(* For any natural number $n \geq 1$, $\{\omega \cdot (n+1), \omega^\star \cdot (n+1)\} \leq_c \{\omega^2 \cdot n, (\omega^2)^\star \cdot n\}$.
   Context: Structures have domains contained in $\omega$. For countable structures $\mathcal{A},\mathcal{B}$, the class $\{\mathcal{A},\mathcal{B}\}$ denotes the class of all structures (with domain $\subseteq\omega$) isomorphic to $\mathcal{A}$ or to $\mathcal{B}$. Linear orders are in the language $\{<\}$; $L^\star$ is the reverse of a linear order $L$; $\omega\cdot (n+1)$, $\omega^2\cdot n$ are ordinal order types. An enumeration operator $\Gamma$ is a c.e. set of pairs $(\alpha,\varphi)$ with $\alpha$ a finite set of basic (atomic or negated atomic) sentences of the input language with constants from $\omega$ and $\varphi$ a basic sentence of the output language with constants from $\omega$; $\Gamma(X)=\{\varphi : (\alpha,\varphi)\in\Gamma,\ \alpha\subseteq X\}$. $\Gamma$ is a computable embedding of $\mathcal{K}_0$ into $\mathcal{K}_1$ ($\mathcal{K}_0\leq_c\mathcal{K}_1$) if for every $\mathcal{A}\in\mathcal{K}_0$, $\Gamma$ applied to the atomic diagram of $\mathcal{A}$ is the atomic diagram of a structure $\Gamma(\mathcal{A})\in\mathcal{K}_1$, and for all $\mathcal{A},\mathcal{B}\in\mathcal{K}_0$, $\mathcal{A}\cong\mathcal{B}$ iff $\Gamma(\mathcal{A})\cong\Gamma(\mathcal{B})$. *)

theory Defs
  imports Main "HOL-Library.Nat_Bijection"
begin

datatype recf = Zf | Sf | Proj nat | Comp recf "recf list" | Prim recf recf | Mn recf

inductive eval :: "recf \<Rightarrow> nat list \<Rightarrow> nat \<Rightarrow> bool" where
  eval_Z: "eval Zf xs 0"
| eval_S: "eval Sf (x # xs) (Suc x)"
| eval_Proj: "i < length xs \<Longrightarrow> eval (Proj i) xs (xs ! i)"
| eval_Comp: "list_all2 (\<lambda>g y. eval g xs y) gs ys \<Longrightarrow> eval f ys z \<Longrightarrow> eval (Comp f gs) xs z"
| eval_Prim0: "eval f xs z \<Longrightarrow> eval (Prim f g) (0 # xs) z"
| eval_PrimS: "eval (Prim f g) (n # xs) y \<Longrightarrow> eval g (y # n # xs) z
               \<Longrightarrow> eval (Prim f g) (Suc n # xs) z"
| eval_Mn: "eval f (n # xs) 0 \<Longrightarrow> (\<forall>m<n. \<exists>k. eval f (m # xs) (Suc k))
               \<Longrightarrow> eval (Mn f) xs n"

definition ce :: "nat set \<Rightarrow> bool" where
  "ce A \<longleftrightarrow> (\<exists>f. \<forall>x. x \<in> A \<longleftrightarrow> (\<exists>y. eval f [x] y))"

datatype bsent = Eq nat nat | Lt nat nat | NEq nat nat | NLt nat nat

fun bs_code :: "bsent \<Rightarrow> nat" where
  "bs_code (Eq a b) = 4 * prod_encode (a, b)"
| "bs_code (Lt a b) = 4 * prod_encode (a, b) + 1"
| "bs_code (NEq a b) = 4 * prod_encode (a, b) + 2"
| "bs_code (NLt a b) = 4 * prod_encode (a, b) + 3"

+ + + + + + +

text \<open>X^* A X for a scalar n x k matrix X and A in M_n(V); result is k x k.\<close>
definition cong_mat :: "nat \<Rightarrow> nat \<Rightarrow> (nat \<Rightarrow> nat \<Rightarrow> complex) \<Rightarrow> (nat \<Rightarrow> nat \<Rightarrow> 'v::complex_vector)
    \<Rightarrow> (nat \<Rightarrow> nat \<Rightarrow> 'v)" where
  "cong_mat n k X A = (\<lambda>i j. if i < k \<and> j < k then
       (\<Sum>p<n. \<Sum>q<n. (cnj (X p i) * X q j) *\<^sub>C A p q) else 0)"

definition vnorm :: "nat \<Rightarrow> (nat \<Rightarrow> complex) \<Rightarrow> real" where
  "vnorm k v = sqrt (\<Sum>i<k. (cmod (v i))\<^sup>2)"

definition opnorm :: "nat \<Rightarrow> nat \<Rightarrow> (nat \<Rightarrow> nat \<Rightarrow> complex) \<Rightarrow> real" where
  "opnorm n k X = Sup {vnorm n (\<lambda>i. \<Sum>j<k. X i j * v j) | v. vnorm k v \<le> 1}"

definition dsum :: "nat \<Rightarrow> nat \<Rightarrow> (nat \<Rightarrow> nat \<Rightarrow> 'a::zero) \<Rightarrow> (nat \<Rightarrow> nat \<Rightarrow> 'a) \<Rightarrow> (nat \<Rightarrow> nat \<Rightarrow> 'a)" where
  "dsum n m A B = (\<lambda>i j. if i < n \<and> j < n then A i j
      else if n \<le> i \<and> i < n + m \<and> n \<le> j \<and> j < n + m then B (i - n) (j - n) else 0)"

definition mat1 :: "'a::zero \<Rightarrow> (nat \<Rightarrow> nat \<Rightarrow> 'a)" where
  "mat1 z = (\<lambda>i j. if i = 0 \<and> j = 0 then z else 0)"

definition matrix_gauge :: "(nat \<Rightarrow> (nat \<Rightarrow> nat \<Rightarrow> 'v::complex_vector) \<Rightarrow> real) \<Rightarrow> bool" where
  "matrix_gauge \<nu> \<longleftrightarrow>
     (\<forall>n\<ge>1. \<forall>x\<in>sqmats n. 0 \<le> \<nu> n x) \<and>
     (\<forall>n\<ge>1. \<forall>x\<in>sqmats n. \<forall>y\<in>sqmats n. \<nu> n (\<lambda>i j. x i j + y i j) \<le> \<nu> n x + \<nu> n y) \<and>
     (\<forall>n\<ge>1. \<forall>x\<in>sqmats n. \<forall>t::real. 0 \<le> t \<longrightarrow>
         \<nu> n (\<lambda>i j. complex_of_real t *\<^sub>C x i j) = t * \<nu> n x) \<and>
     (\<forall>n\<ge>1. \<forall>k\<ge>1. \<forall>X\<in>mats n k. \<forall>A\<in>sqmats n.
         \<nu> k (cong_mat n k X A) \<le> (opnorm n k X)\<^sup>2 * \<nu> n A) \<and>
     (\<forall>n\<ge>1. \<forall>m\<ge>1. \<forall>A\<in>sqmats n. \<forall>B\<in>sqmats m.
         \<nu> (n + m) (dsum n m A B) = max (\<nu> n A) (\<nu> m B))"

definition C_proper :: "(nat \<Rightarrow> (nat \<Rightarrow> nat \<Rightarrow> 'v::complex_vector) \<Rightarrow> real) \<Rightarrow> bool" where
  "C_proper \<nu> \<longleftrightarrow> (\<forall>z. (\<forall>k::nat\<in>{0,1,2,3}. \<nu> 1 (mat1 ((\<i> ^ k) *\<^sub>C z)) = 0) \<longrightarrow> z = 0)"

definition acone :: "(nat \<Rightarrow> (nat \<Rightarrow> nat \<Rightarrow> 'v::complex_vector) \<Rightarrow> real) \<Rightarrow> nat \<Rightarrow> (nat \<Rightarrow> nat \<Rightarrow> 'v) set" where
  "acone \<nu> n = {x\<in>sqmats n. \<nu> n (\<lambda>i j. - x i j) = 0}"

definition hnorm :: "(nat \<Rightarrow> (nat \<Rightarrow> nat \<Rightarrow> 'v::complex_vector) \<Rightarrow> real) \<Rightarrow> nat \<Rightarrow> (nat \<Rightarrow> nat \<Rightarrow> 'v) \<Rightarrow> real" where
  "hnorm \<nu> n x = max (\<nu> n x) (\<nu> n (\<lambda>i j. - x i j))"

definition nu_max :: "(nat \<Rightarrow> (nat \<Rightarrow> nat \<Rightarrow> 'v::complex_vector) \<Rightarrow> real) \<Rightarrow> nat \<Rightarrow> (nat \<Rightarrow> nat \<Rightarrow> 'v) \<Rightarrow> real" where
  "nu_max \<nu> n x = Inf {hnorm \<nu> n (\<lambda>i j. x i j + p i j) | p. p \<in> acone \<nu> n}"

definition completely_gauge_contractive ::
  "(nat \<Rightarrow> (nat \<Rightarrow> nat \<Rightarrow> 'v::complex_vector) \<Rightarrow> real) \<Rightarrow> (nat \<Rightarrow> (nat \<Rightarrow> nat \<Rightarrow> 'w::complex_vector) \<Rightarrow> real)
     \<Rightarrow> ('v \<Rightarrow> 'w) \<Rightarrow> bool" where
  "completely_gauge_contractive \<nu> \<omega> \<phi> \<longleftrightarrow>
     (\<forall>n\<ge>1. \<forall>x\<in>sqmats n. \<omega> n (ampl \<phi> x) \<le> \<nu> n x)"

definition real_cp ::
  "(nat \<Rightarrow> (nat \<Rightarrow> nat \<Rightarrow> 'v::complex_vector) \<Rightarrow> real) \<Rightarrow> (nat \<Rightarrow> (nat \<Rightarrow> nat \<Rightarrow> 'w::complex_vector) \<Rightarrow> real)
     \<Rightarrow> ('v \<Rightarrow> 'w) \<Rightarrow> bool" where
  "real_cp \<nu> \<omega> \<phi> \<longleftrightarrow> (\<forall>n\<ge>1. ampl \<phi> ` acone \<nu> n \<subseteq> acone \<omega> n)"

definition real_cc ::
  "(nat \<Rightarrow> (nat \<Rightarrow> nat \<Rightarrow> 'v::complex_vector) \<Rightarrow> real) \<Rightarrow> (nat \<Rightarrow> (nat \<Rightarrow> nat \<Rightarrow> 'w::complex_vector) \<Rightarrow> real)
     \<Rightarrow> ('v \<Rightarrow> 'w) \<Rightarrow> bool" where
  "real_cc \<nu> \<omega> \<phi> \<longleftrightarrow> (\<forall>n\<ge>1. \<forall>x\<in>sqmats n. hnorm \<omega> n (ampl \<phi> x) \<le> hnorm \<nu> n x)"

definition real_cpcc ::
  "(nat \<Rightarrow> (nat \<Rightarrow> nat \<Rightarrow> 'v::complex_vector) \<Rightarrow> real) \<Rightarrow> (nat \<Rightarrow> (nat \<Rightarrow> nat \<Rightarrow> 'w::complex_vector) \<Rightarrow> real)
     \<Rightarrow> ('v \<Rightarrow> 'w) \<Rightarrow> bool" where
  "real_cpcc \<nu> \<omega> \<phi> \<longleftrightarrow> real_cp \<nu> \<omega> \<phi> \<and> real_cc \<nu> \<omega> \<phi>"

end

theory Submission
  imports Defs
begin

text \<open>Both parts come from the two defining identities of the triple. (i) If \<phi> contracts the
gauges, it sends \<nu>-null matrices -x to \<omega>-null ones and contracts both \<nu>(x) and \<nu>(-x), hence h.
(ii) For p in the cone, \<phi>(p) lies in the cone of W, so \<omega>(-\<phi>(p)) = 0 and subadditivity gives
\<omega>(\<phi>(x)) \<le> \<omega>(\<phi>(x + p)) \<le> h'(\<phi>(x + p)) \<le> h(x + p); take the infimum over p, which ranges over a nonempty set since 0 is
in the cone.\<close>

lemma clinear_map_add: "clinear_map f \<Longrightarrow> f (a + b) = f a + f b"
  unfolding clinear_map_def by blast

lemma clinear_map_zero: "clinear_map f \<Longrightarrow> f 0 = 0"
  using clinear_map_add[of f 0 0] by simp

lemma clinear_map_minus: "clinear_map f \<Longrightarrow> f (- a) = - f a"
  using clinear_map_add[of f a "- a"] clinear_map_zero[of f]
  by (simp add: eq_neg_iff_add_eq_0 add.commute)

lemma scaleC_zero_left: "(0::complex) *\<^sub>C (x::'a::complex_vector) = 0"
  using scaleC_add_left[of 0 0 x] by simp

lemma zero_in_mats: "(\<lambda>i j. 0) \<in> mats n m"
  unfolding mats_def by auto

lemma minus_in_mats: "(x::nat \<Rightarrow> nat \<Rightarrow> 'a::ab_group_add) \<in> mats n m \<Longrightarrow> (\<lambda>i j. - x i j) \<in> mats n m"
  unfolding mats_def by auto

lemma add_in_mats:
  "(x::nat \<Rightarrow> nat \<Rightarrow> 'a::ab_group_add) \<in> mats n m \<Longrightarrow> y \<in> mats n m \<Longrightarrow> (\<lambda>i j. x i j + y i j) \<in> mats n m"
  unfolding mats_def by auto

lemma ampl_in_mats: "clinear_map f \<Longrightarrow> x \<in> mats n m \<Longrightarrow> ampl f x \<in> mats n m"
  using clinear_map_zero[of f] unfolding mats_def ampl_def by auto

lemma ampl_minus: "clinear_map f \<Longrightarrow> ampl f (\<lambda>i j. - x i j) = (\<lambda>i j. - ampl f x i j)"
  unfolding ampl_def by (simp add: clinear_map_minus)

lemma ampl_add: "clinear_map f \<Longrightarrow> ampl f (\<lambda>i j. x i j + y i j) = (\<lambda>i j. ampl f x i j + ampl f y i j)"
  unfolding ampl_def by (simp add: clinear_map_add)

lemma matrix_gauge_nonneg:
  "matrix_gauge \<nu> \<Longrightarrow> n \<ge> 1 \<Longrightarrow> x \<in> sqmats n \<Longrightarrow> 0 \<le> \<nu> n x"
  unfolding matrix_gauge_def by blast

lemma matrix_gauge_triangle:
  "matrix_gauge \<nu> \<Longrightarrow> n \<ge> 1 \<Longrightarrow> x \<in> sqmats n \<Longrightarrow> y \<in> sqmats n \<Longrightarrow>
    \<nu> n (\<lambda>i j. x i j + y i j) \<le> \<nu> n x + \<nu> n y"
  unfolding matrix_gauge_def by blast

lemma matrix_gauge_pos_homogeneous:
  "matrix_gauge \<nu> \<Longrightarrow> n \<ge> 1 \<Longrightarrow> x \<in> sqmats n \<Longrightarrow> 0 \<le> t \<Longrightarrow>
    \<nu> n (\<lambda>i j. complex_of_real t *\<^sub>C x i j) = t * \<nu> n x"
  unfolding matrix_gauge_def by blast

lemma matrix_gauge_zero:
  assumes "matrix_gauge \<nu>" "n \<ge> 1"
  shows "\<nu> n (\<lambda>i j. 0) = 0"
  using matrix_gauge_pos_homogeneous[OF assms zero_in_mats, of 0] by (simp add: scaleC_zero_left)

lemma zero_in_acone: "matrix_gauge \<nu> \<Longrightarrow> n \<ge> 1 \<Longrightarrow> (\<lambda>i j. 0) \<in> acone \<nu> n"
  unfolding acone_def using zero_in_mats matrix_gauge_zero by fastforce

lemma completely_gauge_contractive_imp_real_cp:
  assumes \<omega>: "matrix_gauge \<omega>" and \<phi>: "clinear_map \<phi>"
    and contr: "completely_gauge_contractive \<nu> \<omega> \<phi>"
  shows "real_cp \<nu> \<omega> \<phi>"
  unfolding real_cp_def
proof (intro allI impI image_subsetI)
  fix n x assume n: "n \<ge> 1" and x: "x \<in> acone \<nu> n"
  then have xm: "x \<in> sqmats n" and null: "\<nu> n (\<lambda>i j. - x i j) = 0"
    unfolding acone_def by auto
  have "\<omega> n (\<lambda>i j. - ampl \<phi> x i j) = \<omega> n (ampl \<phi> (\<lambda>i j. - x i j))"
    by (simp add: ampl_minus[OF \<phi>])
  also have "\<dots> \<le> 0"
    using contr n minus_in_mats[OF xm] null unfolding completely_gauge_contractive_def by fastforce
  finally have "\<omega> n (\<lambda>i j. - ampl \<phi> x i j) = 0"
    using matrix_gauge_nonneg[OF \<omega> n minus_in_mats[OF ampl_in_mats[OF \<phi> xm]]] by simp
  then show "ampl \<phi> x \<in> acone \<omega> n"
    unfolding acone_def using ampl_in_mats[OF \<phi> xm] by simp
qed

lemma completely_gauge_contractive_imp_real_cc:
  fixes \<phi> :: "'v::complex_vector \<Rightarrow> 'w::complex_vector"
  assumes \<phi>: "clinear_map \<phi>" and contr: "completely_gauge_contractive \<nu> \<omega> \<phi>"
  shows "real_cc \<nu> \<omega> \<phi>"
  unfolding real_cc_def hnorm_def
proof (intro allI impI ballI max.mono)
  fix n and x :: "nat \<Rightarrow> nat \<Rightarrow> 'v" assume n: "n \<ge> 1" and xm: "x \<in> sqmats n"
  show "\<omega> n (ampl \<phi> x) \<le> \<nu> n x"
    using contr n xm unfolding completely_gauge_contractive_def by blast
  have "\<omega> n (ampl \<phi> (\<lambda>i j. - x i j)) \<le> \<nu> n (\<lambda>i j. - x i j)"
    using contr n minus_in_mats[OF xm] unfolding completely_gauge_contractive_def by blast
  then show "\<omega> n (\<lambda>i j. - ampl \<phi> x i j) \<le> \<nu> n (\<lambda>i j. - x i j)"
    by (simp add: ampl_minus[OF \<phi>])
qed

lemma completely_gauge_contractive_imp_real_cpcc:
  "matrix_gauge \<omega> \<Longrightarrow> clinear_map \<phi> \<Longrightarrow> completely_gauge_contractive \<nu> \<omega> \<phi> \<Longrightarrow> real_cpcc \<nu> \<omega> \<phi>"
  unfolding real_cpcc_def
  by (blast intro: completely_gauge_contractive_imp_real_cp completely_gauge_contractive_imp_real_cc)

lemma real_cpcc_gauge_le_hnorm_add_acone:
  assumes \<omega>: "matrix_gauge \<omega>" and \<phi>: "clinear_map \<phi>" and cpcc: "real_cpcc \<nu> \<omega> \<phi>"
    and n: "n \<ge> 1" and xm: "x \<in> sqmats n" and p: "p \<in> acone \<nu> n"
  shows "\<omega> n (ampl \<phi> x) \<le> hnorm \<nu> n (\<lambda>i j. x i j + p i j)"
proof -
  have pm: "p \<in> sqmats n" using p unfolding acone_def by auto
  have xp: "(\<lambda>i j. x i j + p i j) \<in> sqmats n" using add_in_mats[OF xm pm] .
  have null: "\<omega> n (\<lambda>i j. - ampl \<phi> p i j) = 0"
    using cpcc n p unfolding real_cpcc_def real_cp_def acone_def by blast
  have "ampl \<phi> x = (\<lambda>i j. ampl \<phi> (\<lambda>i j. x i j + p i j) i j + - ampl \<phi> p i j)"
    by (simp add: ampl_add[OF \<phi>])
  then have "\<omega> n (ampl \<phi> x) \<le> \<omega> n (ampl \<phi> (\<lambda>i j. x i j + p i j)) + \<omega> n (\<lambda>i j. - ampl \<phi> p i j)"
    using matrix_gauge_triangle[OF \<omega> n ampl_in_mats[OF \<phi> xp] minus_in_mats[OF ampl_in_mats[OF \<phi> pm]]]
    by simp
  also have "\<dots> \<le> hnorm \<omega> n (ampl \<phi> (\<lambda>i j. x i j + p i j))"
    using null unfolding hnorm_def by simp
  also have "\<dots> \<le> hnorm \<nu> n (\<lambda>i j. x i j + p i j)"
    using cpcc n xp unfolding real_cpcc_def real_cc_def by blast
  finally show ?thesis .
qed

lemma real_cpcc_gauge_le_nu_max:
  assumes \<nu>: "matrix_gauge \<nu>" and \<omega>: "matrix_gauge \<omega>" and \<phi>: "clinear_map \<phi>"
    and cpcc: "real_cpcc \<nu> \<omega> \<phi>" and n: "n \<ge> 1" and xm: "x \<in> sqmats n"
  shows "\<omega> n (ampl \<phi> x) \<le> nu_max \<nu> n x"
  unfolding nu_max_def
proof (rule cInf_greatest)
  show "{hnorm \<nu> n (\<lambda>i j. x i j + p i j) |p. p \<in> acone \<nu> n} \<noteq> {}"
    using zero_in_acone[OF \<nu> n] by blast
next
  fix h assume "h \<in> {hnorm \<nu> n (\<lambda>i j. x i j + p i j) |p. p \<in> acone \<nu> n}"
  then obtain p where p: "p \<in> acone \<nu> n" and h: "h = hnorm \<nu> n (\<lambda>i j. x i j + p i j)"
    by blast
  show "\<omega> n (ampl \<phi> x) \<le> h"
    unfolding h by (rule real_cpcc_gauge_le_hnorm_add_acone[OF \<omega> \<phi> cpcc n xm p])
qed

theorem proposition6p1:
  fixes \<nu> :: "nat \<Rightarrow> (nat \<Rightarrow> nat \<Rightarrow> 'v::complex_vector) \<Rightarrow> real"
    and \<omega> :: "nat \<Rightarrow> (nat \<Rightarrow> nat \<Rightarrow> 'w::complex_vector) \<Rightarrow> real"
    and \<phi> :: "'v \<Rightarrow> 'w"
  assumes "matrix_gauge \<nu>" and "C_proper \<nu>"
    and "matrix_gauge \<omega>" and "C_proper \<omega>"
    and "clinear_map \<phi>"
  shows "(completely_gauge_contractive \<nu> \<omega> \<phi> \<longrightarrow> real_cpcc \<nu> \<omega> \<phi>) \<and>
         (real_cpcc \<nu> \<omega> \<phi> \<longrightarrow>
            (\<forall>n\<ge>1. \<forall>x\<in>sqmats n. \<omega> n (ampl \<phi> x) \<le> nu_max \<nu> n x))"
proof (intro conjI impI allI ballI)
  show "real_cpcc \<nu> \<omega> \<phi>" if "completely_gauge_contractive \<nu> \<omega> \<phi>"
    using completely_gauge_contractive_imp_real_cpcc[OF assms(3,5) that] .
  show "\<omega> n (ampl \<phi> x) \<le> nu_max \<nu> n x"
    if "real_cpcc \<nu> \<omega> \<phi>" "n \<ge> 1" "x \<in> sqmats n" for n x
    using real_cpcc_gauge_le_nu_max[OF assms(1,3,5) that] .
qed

+ + + + + + +

__WHAT NEEDS TO BE DONE__
Nothing but a number is needed: tally the lines of the listing that contain "assms".

__SOLUTION FOR THIS TASK__
3